A faster approval also means a launch team cannot afford to wait. The logistical dominoes must fall far sooner: manufacturing capacity must be locked down, distribution agreements finalized, data returns established and reimbursement tables loaded into claims processing systems. Failure in any of these areas risks turning the patient’s exciting day-one availability into a corporate and patient nightmare — a case study in day-one confusion, where early fills simply bounce.
This speed also creates an awkward disconnect with the payer environment. Pharmacy & Therapeutics (P&T) committees and Drug Utilization Review (DUR) boards, the gatekeepers of coverage on the payer side, typically meet on monthly or quarterly cycles. A one- to two-month FDA review can easily land between these critical meetings, leaving payers unable to finalize their policies.
The inherent tension is clear: expedited regulatory review versus standard commercial policy review. If payers react to the speed with skepticism, viewing the fast track as a compromise, they may delay coverage decisions. Without an equally expedited path from payers, new products inevitably enter distribution before policy is live. National Drug Codes (NDCs) flow into compendia and wholesaler files within days, and claims systems immediately recognize the drug. If coverage details like tiers, prior authorization requirements, step therapies, and coinsurance amounts are not set, early claims will either pay or deny under default rules.
Price dynamics sit uncomfortably in the background of this entire program. While the voucher does not set list price, affordability is named as a selection factor. This public mention creates a visible expectation that sponsors cannot ignore.

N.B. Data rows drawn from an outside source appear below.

lemma id_tensor_entry:
  assumes lin: "is_linear_map n M" and car: "\<forall>X\<in>carrier_mat n n. M X \<in> carrier_mat m m"
    and uv: "u < r*m" "v < r*m"
  shows "id_tensor r n m M \<rho> $$ (u,v) = (\<Sum>k<n. \<Sum>l<n.
    \<rho> $$ (u div m * n + k, v div m * n + l) * M (matrix_unit n k l) $$ (u mod m, v mod m))"
proof -
  have "m > 0" using uv by (cases m) auto
  then have "M (block n \<rho> (u div m) (v div m)) $$ (u mod m, v mod m) = (\<Sum>k<n. \<Sum>l<n.
      block n \<rho> (u div m) (v div m) $$ (k,l) * M (matrix_unit n k l) $$ (u mod m, v mod m))"
    by (intro linear_map_entry[OF lin car]) (auto simp: block_def)
  then show ?thesis unfolding id_tensor_def block_def using uv by simp
qed

lemma dim_id_tensor [simp]:
  "dim_row (id_tensor r n m M \<rho>) = r*m" "dim_col (id_tensor r n m M \<rho>) = r*m"
  by (simp_all add: id_tensor_def)

lemma id_tensor_carrier: "id_tensor r n m M \<rho> \<in> carrier_mat (r*m) (r*m)"
  by (simp add: carrier_matI)

lemma max_ent_entry:
  assumes "x < n" "k < n" "y < n" "l < n"
  shows "max_ent n $$ (x*n+k, y*n+l) = (if x = k \<and> y = l then 1 / of_nat n else 0)"
  using assms mult_add_less_mult[OF assms(1,2)] mult_add_less_mult[OF assms(3,4)]
  unfolding max_ent_def by simp

lemma max_ent_contraction:
  assumes "x < n" "y < n"
  shows "(\<Sum>k<n. \<Sum>l<n. max_ent n $$ (x*n+k, y*n+l) * H k l) = H x y / of_nat n"
proof -
  have "(\<Sum>l<n. max_ent n $$ (x*n+k, y*n+l) * H k l) = (if k = x then H x y / of_nat n else 0)"
    if "k < n" for k
  proof -
    have "(\<Sum>l<n. max_ent n $$ (x*n+k, y*n+l) * H k l) =
        (\<Sum>l<n. if l = y then (if k = x then H x y / of_nat n else 0) else 0)"
      using assms that by (intro sum.cong refl) (simp add: max_ent_entry)
    then show ?thesis using assms by simp
  qed
  then show ?thesis using assms by simp
qed

lemma max_ent_state:
  assumes "n > 0" shows "max_ent n \<in> states (n*n)"
proof -
  define g :: "nat \<Rightarrow> complex" where "g i = of_bool (i div n = i mod n)" for i
  have entry: "complex_of_real (1 / real n) * (cnj (g i) * g j) = max_ent n $$ (i,j)"
    if "i < n*n" "j < n*n" for i j
    using that by (simp add: max_ent_def g_def)
  have "psd_kernel (n*n) (\<lambda>i j. complex_of_real (1 / real n) * (cnj (g i) * g j))"
    by (rule psd_kernel_rank_one) simp
  then have "psd_kernel (n*n) (\<lambda>i j. max_ent n $$ (i,j))"
    by (simp only: psd_kernel_cong[OF entry])
  then have "psd (n*n) (max_ent n)"
    unfolding psd_iff_psd_kernel by (simp add: max_ent_def)
  moreover have "mtrace (max_ent n) = (\<Sum>u<n*n. max_ent n $$ (u,u))"
    unfolding mtrace_def by (simp add: max_ent_def)
  moreover have "\<dots> = (\<Sum>x<n. \<Sum>k<n. max_ent n $$ (x*n+k, x*n+k))"
    by (rule sum_lessThan_mult)
  moreover have "\<dots> = 1"
    using assms by (simp add: max_ent_entry)
  ultimately show ?thesis unfolding states_def by simp
qed

lemma psd_id_tensor_if_psd_choi:
  assumes lin: "is_linear_map n M" and car: "\<forall>X\<in>carrier_mat n n. M X \<in> carrier_mat m m"
    and "n > 0" and choi: "psd (n*m) (id_tensor n n m M (max_ent n))" and \<rho>: "psd (r*n) \<rho>"
  shows "psd (r*m) (id_tensor r n m M \<rho>)"
proof -
  let ?H = "\<lambda>k l i j. M (matrix_unit n k l) $$ (i,j)"
  have choi_entry: "id_tensor n n m M (max_ent n) $$ (u,v) =
      complex_of_real (1 / real n) * ?H (u div m) (v div m) (u mod m) (v mod m)"
    if "u < n*m" "v < n*m" for u v
    using that less_mult_imp_div_less[OF that(1)] less_mult_imp_div_less[OF that(2)]
    by (simp add: id_tensor_entry[OF lin car] max_ent_contraction)
  have "psd_kernel (n*m) (\<lambda>u v. id_tensor n n m M (max_ent n) $$ (u,v))"
    using choi psd_iff_psd_kernel by blast
  then have "psd_kernel (n*m)
      (\<lambda>u v. complex_of_real (1 / real n) * ?H (u div m) (v div m) (u mod m) (v mod m))"
    by (simp only: psd_kernel_cong[OF choi_entry])
  then have H: "psd_kernel (n*m) (\<lambda>u v. ?H (u div m) (v div m) (u mod m) (v mod m))"
    by (rule psd_kernel_scale_pos[rotated]) (use \<open>n > 0\<close> in simp)
  have "psd_kernel (r*n) (\<lambda>i j. \<rho> $$ (i,j))" using \<rho> psd_iff_psd_kernel by blast
  from psd_kernel_choi_contraction[OF H this]
  have "psd_kernel (r*m) (\<lambda>u v. id_tensor r n m M \<rho> $$ (u,v))"
    by (simp only: psd_kernel_cong[OF id_tensor_entry[OF lin car]])
  then show ?thesis unfolding psd_iff_psd_kernel using id_tensor_carrier by blast
qed

section \<open>The replacer \<open>\<one>\<^sub>A \<otimes> tr\<^sub>A\<close>\<close>

lemma dim_replace_A [simp]:
  "dim_row (replace_A r a b M) = r*(a*b)" "dim_col (replace_A r a b M) = r*(a*b)"
  by (simp_all add: replace_A_def)

lemma replace_A_carrier: "replace_A r a b M \<in> carrier_mat (r*(a*b)) (r*(a*b))"
  by (simp add: carrier_matI)

lemma replace_A_entry:
  assumes "u < r*(a*b)" "v < r*(a*b)"
  shows "replace_A r a b M $$ (u,v) = (if (u mod (a*b)) div b = (v mod (a*b)) div b then
     (\<Sum>t<a. M $$ (u div (a*b) * (a*b) + (t*b + u mod b), v div (a*b) * (a*b) + (t*b + v mod b)))
     else 0)"
  unfolding replace_A_def using assms by (simp add: Let_def add.assoc)

lemma replace_A_index_less:
  fixes u r a b t :: nat
  assumes "u < r*(a*b)" "t < a"
  shows "u div (a*b) * (a*b) + (t*b + u mod b) < r*(a*b)"
proof -
  have "b > 0" using assms by (cases b) auto
  then have "t*b + u mod b < a*b" using mult_add_less_mult[OF assms(2)] by simp
  moreover have "u div (a*b) < r" using assms(1) by (simp add: less_mult_imp_div_less)
  ultimately show ?thesis using mult_add_less_mult by blast
qed

lemma replace_A_add:
  assumes "A \<in> carrier_mat (r*(a*b)) (r*(a*b))" "B \<in> carrier_mat (r*(a*b)) (r*(a*b))"
  shows "replace_A r a b (A + B) = replace_A r a b A + replace_A r a b B"
  by (rule eq_matI) (use assms in \<open>auto simp: replace_A_entry replace_A_index_less sum.distrib\<close>)

lemma replace_A_smult:
  assumes "A \<in> carrier_mat (r*(a*b)) (r*(a*b))"
  shows "replace_A r a b (c \<cdot>\<^sub>m A) = c \<cdot>\<^sub>m replace_A r a b A"
  by (rule eq_matI) (use assms in \<open>auto simp: replace_A_entry replace_A_index_less sum_distrib_left\<close>)

lemma is_linear_map_replacer_comp:
  assumes "is_linear_map n N" and "\<forall>X\<in>carrier_mat n n. N X \<in> carrier_mat (a*b) (a*b)"
  shows "is_linear_map n (replacer_comp a b N)"
  using assms unfolding is_linear_map_def replacer_comp_def by (simp add: replace_A_add replace_A_smult)

lemma is_linear_map_smult_diff:
  assumes lin: "is_linear_map n M1" "is_linear_map n M2"
    and car: "\<forall>X\<in>carrier_mat n n. M1 X \<in> carrier_mat m m" "\<forall>X\<in>carrier_mat n n. M2 X \<in> carrier_mat m m"
  shows "is_linear_map n (\<lambda>X. c \<cdot>\<^sub>m M1 X - M2 X)"
  unfolding is_linear_map_def
proof (intro conjI ballI allI)
  fix X Y :: "complex mat" assume X: "X \<in> carrier_mat n n" and Y: "Y \<in> carrier_mat n n"
  then have "M1 (X + Y) = M1 X + M1 Y" "M2 (X + Y) = M2 X + M2 Y"
    using lin unfolding is_linear_map_def by blast+
  moreover have "M1 X \<in> carrier_mat m m" "M1 Y \<in> carrier_mat m m"
    "M2 X \<in> carrier_mat m m" "M2 Y \<in> carrier_mat m m"
    using car X Y by blast+
  ultimately show "c \<cdot>\<^sub>m M1 (X + Y) - M2 (X + Y) = c \<cdot>\<^sub>m M1 X - M2 X + (c \<cdot>\<^sub>m M1 Y - M2 Y)"
    by (intro eq_matI) (auto simp: algebra_simps)
next
  fix X :: "complex mat" and d assume X: "X \<in> carrier_mat n n"
  then have "M1 (d \<cdot>\<^sub>m X) = d \<cdot>\<^sub>m M1 X" "M2 (d \<cdot>\<^sub>m X) = d \<cdot>\<^sub>m M2 X"
    using lin unfolding is_linear_map_def by blast+
  moreover have "M1 X \<in> carrier_mat m m" "M2 X \<in> carrier_mat m m"
    using car X by blast+
  ultimately show "c \<cdot>\<^sub>m M1 (d \<cdot>\<^sub>m X) - M2 (d \<cdot>\<^sub>m X) = d \<cdot>\<^sub>m (c \<cdot>\<^sub>m M1 X - M2 X)"
    by (intro eq_matI) (auto simp: algebra_simps)
qed

lemma id_tensor_smult_diff:
  assumes "\<forall>X\<in>carrier_mat n n. M1 X \<in> carrier_mat m m" "\<forall>X\<in>carrier_mat n n. M2 X \<in> carrier_mat m m"
  shows "id_tensor r n m (\<lambda>X. c \<cdot>\<^sub>m M1 X - M2 X) \<rho> = c \<cdot>\<^sub>m id_tensor r n m M1 \<rho> - id_tensor r n m M2 \<rho>"
proof (rule eq_matI)
  fix u v assume "u < dim_row (c \<cdot>\<^sub>m id_tensor r n m M1 \<rho> - id_tensor r n m M2 \<rho>)"
    "v < dim_col (c \<cdot>\<^sub>m id_tensor r n m M1 \<rho> - id_tensor r n m M2 \<rho>)"
  then have uv: "u < r*m" "v < r*m" by simp_all
  then have "m > 0" by (cases m) auto
  define B where "B = block n \<rho> (u div m) (v div m)"
  have "B \<in> carrier_mat n n" by (simp add: B_def block_def)
  then have "M1 B \<in> carrier_mat m m" "M2 B \<in> carrier_mat m m" using assms by blast+
  then show "id_tensor r n m (\<lambda>X. c \<cdot>\<^sub>m M1 X - M2 X) \<rho> $$ (u,v) =
      (c \<cdot>\<^sub>m id_tensor r n m M1 \<rho> - id_tensor r n m M2 \<rho>) $$ (u,v)"
    using uv \<open>m > 0\<close> by (simp add: id_tensor_def B_def[symmetric])
qed simp_all

lemma id_tensor_replacer_comp:
  assumes car: "\<forall>X\<in>carrier_mat n n. N X \<in> carrier_mat (a*b) (a*b)"
  shows "id_tensor r n (a*b) (replacer_comp a b N) \<rho> = replace_A r a b (id_tensor r n (a*b) N \<rho>)"
proof (rule eq_matI)
  fix u v assume "u < dim_row (replace_A r a b (id_tensor r n (a*b) N \<rho>))"
    "v < dim_col (replace_A r a b (id_tensor r n (a*b) N \<rho>))"
  then have uv: "u < r*(a*b)" "v < r*(a*b)" by simp_all
  then have "a*b > 0" by (cases "a*b") auto
  then have um: "u mod (a*b) < 1*(a*b)" "v mod (a*b) < 1*(a*b)" by simp_all
  define B where "B = block n \<rho> (u div (a*b)) (v div (a*b))"
  have entry: "id_tensor r n (a*b) N \<rho> $$
        (u div (a*b) * (a*b) + (t*b + u mod b), v div (a*b) * (a*b) + (t*b + v mod b)) =
      N B $$ (t*b + u mod b, t*b + v mod b)" if "t < a" for t
  proof -
    have "t*b + u mod b < a*b" "t*b + v mod b < a*b"
      using mult_add_less_mult[OF that] \<open>a*b > 0\<close> by simp_all
    then have "(u div (a*b) * (a*b) + (t*b + u mod b)) div (a*b) = u div (a*b)"
      "(v div (a*b) * (a*b) + (t*b + v mod b)) div (a*b) = v div (a*b)"
      "(u div (a*b) * (a*b) + (t*b + u mod b)) mod (a*b) = t*b + u mod b"
      "(v div (a*b) * (a*b) + (t*b + v mod b)) mod (a*b) = t*b + v mod b"
      by (simp_all only: div_mult_self3 mod_mult_self3 div_less mod_less)
    then show ?thesis
      using replace_A_index_less[OF uv(1) that] replace_A_index_less[OF uv(2) that]
      by (simp add: id_tensor_def B_def)
  qed
  have "id_tensor r n (a*b) (replacer_comp a b N) \<rho> $$ (u,v) = replace_A 1 a b (N B) $$ (u mod (a*b), v mod (a*b))"
    unfolding id_tensor_def replacer_comp_def B_def using uv by simp
  also have "\<dots> = replace_A r a b (id_tensor r n (a*b) N \<rho>) $$ (u,v)"
    unfolding replace_A_entry[OF um] replace_A_entry[OF uv] using \<open>a*b > 0\<close>
    by (simp add: entry mod_mod_cancel)
  finally show "id_tensor r n (a*b) (replacer_comp a b N) \<rho> $$ (u,v) =
      replace_A r a b (id_tensor r n (a*b) N \<rho>) $$ (u,v)" .
qed simp_all
lemma exists_frequency_in_ball:
  fixes E S :: "'a::euclidean_space set"
  assumes E: "E \<in> lmeasurable" and S_balls: "\<forall>R::real. \<exists>\<xi> r. r \<ge> R \<and> ball \<xi> r \<subseteq> S"
  shows "\<exists>\<xi>. ball \<xi> \<rho> \<subseteq> S \<and> measure lebesgue E / 3 \<le> (LINT x:E|lebesgue. \<bar>cos (\<xi> \<bullet> x)\<bar>)"
proof -
  obtain b :: 'a where "b \<in> Basis"
    using nonempty_Basis by blast
  then have "b \<noteq> 0" "norm b = 1"
    by auto
  obtain h N where "h > 0"
    and good: "\<And>c. \<exists>k<N. measure lebesgue E / 3 \<le> (LINT x:E|lebesgue. \<bar>cos ((c + (real k * h) *\<^sub>R b) \<bullet> x)\<bar>)"
    using exists_frequency_step[OF E \<open>b \<noteq> 0\<close>] by blast
  obtain c r where r: "r \<ge> real N * h + \<rho>" and "ball c r \<subseteq> S"
    using S_balls by blast
  obtain k where "k < N"
    and cos_ge: "measure lebesgue E / 3 \<le> (LINT x:E|lebesgue. \<bar>cos ((c + (real k * h) *\<^sub>R b) \<bullet> x)\<bar>)"
    using good by blast
  have "dist (c + (real k * h) *\<^sub>R b) c \<le> real N * h"
    using \<open>k < N\<close> \<open>h > 0\<close> \<open>norm b = 1\<close> by (simp add: dist_norm)
  then have "ball (c + (real k * h) *\<^sub>R b) \<rho> \<subseteq> ball c r"
    using r by (simp add: ball_subset_ball_iff)
  with \<open>ball c r \<subseteq> S\<close> cos_ge show ?thesis
    by blast
qed
(* Let $r\ge 3$, $n\ge1$, $N\ge0$ be integers and let $a,b_1,\dots,b_{r-3},q,x$ be nonzero complex parameters, generic so that no denominators vanish (no balancing condition is assumed). Then $${}_{r+1}\Omega_r^{(n)}(a;b_1,\dots,b_{r-3},q^{-N};q,x)={}_{r+1}\Omega_r^{(N)}(aqx;b_1,\dots,b_{r-3},x^{n};x^{-1},q^{-1}).$$ More precisely, the identity holds termwise: the term of the left-hand sum indexed by $\lambda\in\Lambda_{nN}$ equals the term of the right-hand sum indexed by the conjugate partition $\lambda'\in\Lambda_{Nn}$.
   Context: Fix $p\in\mathbb C$ with $|p|<1$. For nonzero $y$, $E(y)=\prod_{j=0}^\infty(1-yp^j)(1-p^{j+1}/y)$, $E(y_1,\dots,y_m)=\prod_s E(y_s)$. For a base $Q$ and integer $k\ge0$, $(y;Q)_k=\prod_{j=0}^{k-1}E(yQ^j)$; for $k<0$, $(y;Q)_k=1/(yQ^{k};Q)_{-k}$; $(y_1,\dots,y_m;Q)_k=\prod_s(y_s;Q)_k$. For $\lambda\in\mathbb Z^n$ and bases $Q,X$, $(y;Q,X)_\lambda=\prod_{j=1}^n(yX^{1-j};Q)_{\lambda_j}$, $(y_1,\dots,y_m;Q,X)_\lambda=\prod_s(y_s;Q,X)_\lambda$. Let $\Lambda_{nN}=\{\lambda\in\mathbb Z^n: N\ge\lambda_1\ge\dots\ge\lambda_n\ge0\}$. For $\lambda\in\Lambda_{nN}$ its conjugate is $\lambda'\in\Lambda_{Nn}$ with $\lambda'_j=\#\{i:\lambda_i\ge j\}$, $j=1,\dots,N$. For integers $n\ge1$, $M\ge0$, bases $Q,X$ and parameters $a,b_1,\dots,b_{r-3}$, define \begin{multline*} {}_{r+1}\Omega_r^{(n)}(a;b_1,\dots,b_{r-3},Q^{-M};Q,X)=\sum_{\lambda\in\Lambda_{nM}}\prod_{i=1}^n\left(\frac{E(aX^{2(1-i)}Q^{2\lambda_i})}{E(aX^{2(1-i)})}Q^{\lambda_i}X^{2(i-1)\lambda_i}\right)\\ \times\prod_{1\le i<j\le n}\left(\frac{E(X^{j-i}Q^{\lambda_i-\lambda_j})}{E(X^{j-i})}\frac{E(aX^{2-i-j}Q^{\lambda_i+\lambda_j})}{E(aX^{2-i-j})}\frac{(aX^{3-i-j};Q)_{\lambda_i+\lambda_j}(X^{j-i+1};Q)_{\lambda_i-\lambda_j}}{(aQX^{1-i-j};Q)_{\lambda_i+\lambda_j}(QX^{j-i-1};Q)_{\lambda_i-\lambda_j}}\right)\\ \times\frac{(aX^{1-n},b_1,\dots,b_{r-3},Q^{-M};Q,X)_\lambda}{(QX^{n-1},aQ/b_1,\dots,aQ/b_{r-3},aQ^{M+1};Q,X)_\lambda}. \end{multline*} On the right-hand side of the claim this is used with $n\mapsto N$, $M\mapsto n$, $Q=x^{-1}$, $X=q^{-1}$ (so that $Q^{-M}=x^n$) and $a\mapsto aqx$. *)

theory Defs
  imports "HOL-Analysis.Analysis"
begin

definition Eth :: "complex \<Rightarrow> complex \<Rightarrow> complex" where
  "Eth p y = (\<Prod>j. (1 - y * p ^ j) * (1 - p ^ (j + 1) / y))"

definition epoch :: "complex \<Rightarrow> complex \<Rightarrow> complex \<Rightarrow> int \<Rightarrow> complex" where
  "epoch p y Q k =
     (if 0 \<le> k then (\<Prod>j<nat k. Eth p (y * Q ^ j))
      else 1 / (\<Prod>j<nat (- k). Eth p (y * Q powi k * Q ^ j)))"

definition epochP :: "complex \<Rightarrow> complex list \<Rightarrow> complex \<Rightarrow> complex \<Rightarrow> nat \<Rightarrow> (nat \<Rightarrow> int) \<Rightarrow> complex" where
  "epochP p ys Q X n lam =
     (\<Prod>y\<leftarrow>ys. \<Prod>j\<in>{1..n}. epoch p (y * X powi (1 - int j)) Q (lam j))"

Sponsors must decide early whether to deploy bridge discounts to smooth patient access, or hold the list price steady and manage the net price through targeted contracting. The shorter runway leaves less time to convert initial interest into signed payer agreements. This compressed cycle can paradoxically keep net prices higher at the start, even if the list price remains stable, as the time to negotiate favorable contracts simply runs out.
The FDA has sped up the clock, but the rest of the ecosystem is struggling to keep pace. The coming months will reveal whether this speed creates genuine patient access, or a new form of commercial launch chaos.